We describe our experimental results and compare them with state-of-the-art offline and online methods that use either RGB or both RGB and OF inputs. Further, for comparison we present results on action localization using only the appearance (A) information extracted by a single frame.
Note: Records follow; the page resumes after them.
(* For a Tychonoff space $X$ the following conditions are equivalent: (1) each compact subset of the free locally convex space $L(X)$ has finite topological dimension; (2) each bounded linearly independent subset of $L(X)$ is finite; (3) each functionally bounded subset of $X$ is finite.
   Context: The free locally convex space $L(X)$ over $X$ is a locally convex space together with a continuous map $\delta:X\to L(X)$ such that for every continuous map $f:X\to E$ into a locally convex space $E$ there is a unique continuous linear $T:L(X)\to E$ with $T\circ\delta=f$; $X$ is identified with a Hamel basis of $L(X)$. A subset $B$ of a topological vector space is bounded if for every neighborhood $U$ of zero there is $n\in\mathbb N$ with $B\subseteq nU$. A subset $B$ of a topological space $X$ is functionally bounded if $f(B)$ is bounded in $\mathbb R$ for every continuous $f:X\to\mathbb R$. *)

theory Defs
  imports "HOL-Analysis.Analysis"
begin

text \<open>Free vector space over the points of X: finitely supported real functions on topspace X.\<close>
definition fv_space :: "'a topology \<Rightarrow> ('a \<Rightarrow> real) set" where
  "fv_space X = {f. finite {x. f x \<noteq> 0} \<and> {x. f x \<noteq> 0} \<subseteq> topspace X}"

definition fv_delta :: "'a \<Rightarrow> ('a \<Rightarrow> real)" where
  "fv_delta x = (\<lambda>y. if y = x then 1 else 0)"

definition seminorm_on :: "('a \<Rightarrow> real) set \<Rightarrow> (('a \<Rightarrow> real) \<Rightarrow> real) \<Rightarrow> bool" where
  "seminorm_on V p \<longleftrightarrow>
     (\<forall>f\<in>V. 0 \<le> p f) \<and>
     (\<forall>f\<in>V. \<forall>c. p (\<lambda>y. c * f y) = \<bar>c\<bar> * p f) \<and>
     (\<forall>f\<in>V. \<forall>g\<in>V. p (\<lambda>y. f y + g y) \<le> p f + p g)"

definition admissible_seminorm :: "'a topology \<Rightarrow> (('a \<Rightarrow> real) \<Rightarrow> real) \<Rightarrow> bool" where
  "admissible_seminorm X p \<longleftrightarrow> seminorm_on (fv_space X) p \<and>
     (\<forall>x\<in>topspace X. \<forall>\<epsilon>>0. \<exists>U. openin X U \<and> x \<in> U \<and>
        (\<forall>y\<in>U. p (\<lambda>z. fv_delta y z - fv_delta x z) < \<epsilon>))"

text \<open>The free locally convex space L(X): the free vector space with the finest locally
  convex vector topology making delta continuous, i.e. the topology generated by all
  seminorms p for which delta is p-continuous.\<close>
definition free_lcs :: "'a topology \<Rightarrow> ('a \<Rightarrow> real) topology" where
  "free_lcs X = topology (\<lambda>S. S \<subseteq> fv_space X \<and>
     (\<forall>f\<in>S. \<exists>p \<epsilon>. admissible_seminorm X p \<and> \<epsilon> > 0 \<and>
        {g \<in> fv_space X. p (\<lambda>y. g y - f y) < \<epsilon>} \<subseteq> S))"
The results of our proposed method presented in Table demonstrate that we are able to achieve state-of-the-art performance.

ST action localization results (v-mAP) on UCF101-24 and J-HMDB21 datasets
Method UCF101-24 J-HMDB21 FPS
f-mAP
@0.5
v-mAP f-mAP
@0.5
v-mAP
0.2 0.5 0.75 0.5:0.95 0.2 0.5 0.75 0.5:0.95
Saha et al.[3] - 66.6 36.4 7.9 14.4 - 72.6 71.5 43.3 40.0 4
Peng et al.[4] 65.7 72.9 - - - 58.5 74.3 73.1 - - -
Zhang et al.[5] 67.7 74.8 46.6 16.7 21.9 37.4 - - - - 37.8
ROAD+AF[6] - 73.5 46.3 15.0 20.4 - 70.8 70.1 43.7 39.7 7
ROAD+RTF[6] - 70.2 43.0 14.5 19.2 - 66.0 63.9 35.1 34.4 28
ROAD (A)[6] - 69.8 40.9 15.5 18.7 - 60.8 59.7 37.5 33.9 40
Ours (A) 71.8 70.2 44.3 16.6 20.6 51.2 59.3 59.2 48.2 41.2 52.9
Ours 74.7 72.7 43.1 16.8 20.2 50.5 58.9 58.4 49.5 40.6 41.8

We analyze the inference times for different variations of our pipeline based on the different modules in the framework and the overall inference time in the below Table. Evidently, any preprocessing will have an impact on the inference time. Thus, the SS-map achieves a balance between the run-time and the accuracy over the other variations in the framework.

Inference Run Time Analysis
Framework Module Ours A + DSIM A + It-1 A A + RTF A + AF
Temporal INFO EXT (ms) 5.0 5.0 - - 7.0 110.0
Detection network (ms) 16.4 16.4 16.4 16.4 16.4 16.4
Tube generation time (ms) 2.5 2.5 2.5 2.5 3.0 3.0
Overall (ms) 23.9 23.9 18.9 18.9 26.4 129.4

Citation

@article{abeywardena2021korsal,
  title={KORSAL: Key-point Detection based Online Real-Time Spatio-Temporal Action Localization},
  author={Abeywardena, Kalana and Sumanthiran, Shechem and Jayasundara, Sakuna and Karunasena, Sachira and Rodrigo, Ranga and Jayasekara, Peshala},
  journal={arXiv preprint arXiv:2111.03319},
  year={2021}
}
@INPROCEEDINGS{10288973,
  author={Abeywardena, Kalana and Sumanthiran, Shechem and Jayasundara, Sakuna and Karunasena, Sachira and Rodrigo, Ranga and Jayasekara, Peshala},
  booktitle={2023 IEEE Canadian Conference on Electrical and Computer Engineering (CCECE)}, 
  title={KORSAL: Key-Point Based Online Real-Time Spatio-Temporal Action Localization}, 
  year={2023},
  volume={},
  number={},
  pages={279-284},
  doi={10.1109/CCECE58730.2023.10288973}}

Reference

[1] Khurram Soomro, Amir Roshan Zamir, and Mubarak Shah. Ucf101: A dataset of 101 human actions classes from videos in the wild. arXiv preprint arXiv:1212.0402, 2012. \

[2] H. Jhuang, J. Gall, S. Zuffi, C. Schmid, and M. J. Black. Towards understanding action recognition. In International Conf. on Computer Vision (ICCV), pages 3192–3199, December 2013.

[3] Suman Saha, Gurkirt Singh, Michael Sapienza, Philip HS Torr, and Fabio Cuzzolin. Deep learning for detecting multiple space-time action tubes in videos. arXiv preprint arXiv:1608.01529, 2016.

[4] Xiaojiang Peng and Cordelia Schmid. Multi-region two-stream r-cnn for action detection. In ECCV, pages 744–759. Springer, 2016.

[5] Dejun Zhang, Linchao He, Zhigang Tu, Shifu Zhang, Fei Han, and Boxiong Yang. Learning motion representation for real-time spatio-temporal action localization. Pattern Recognition, 103:107312, 2020.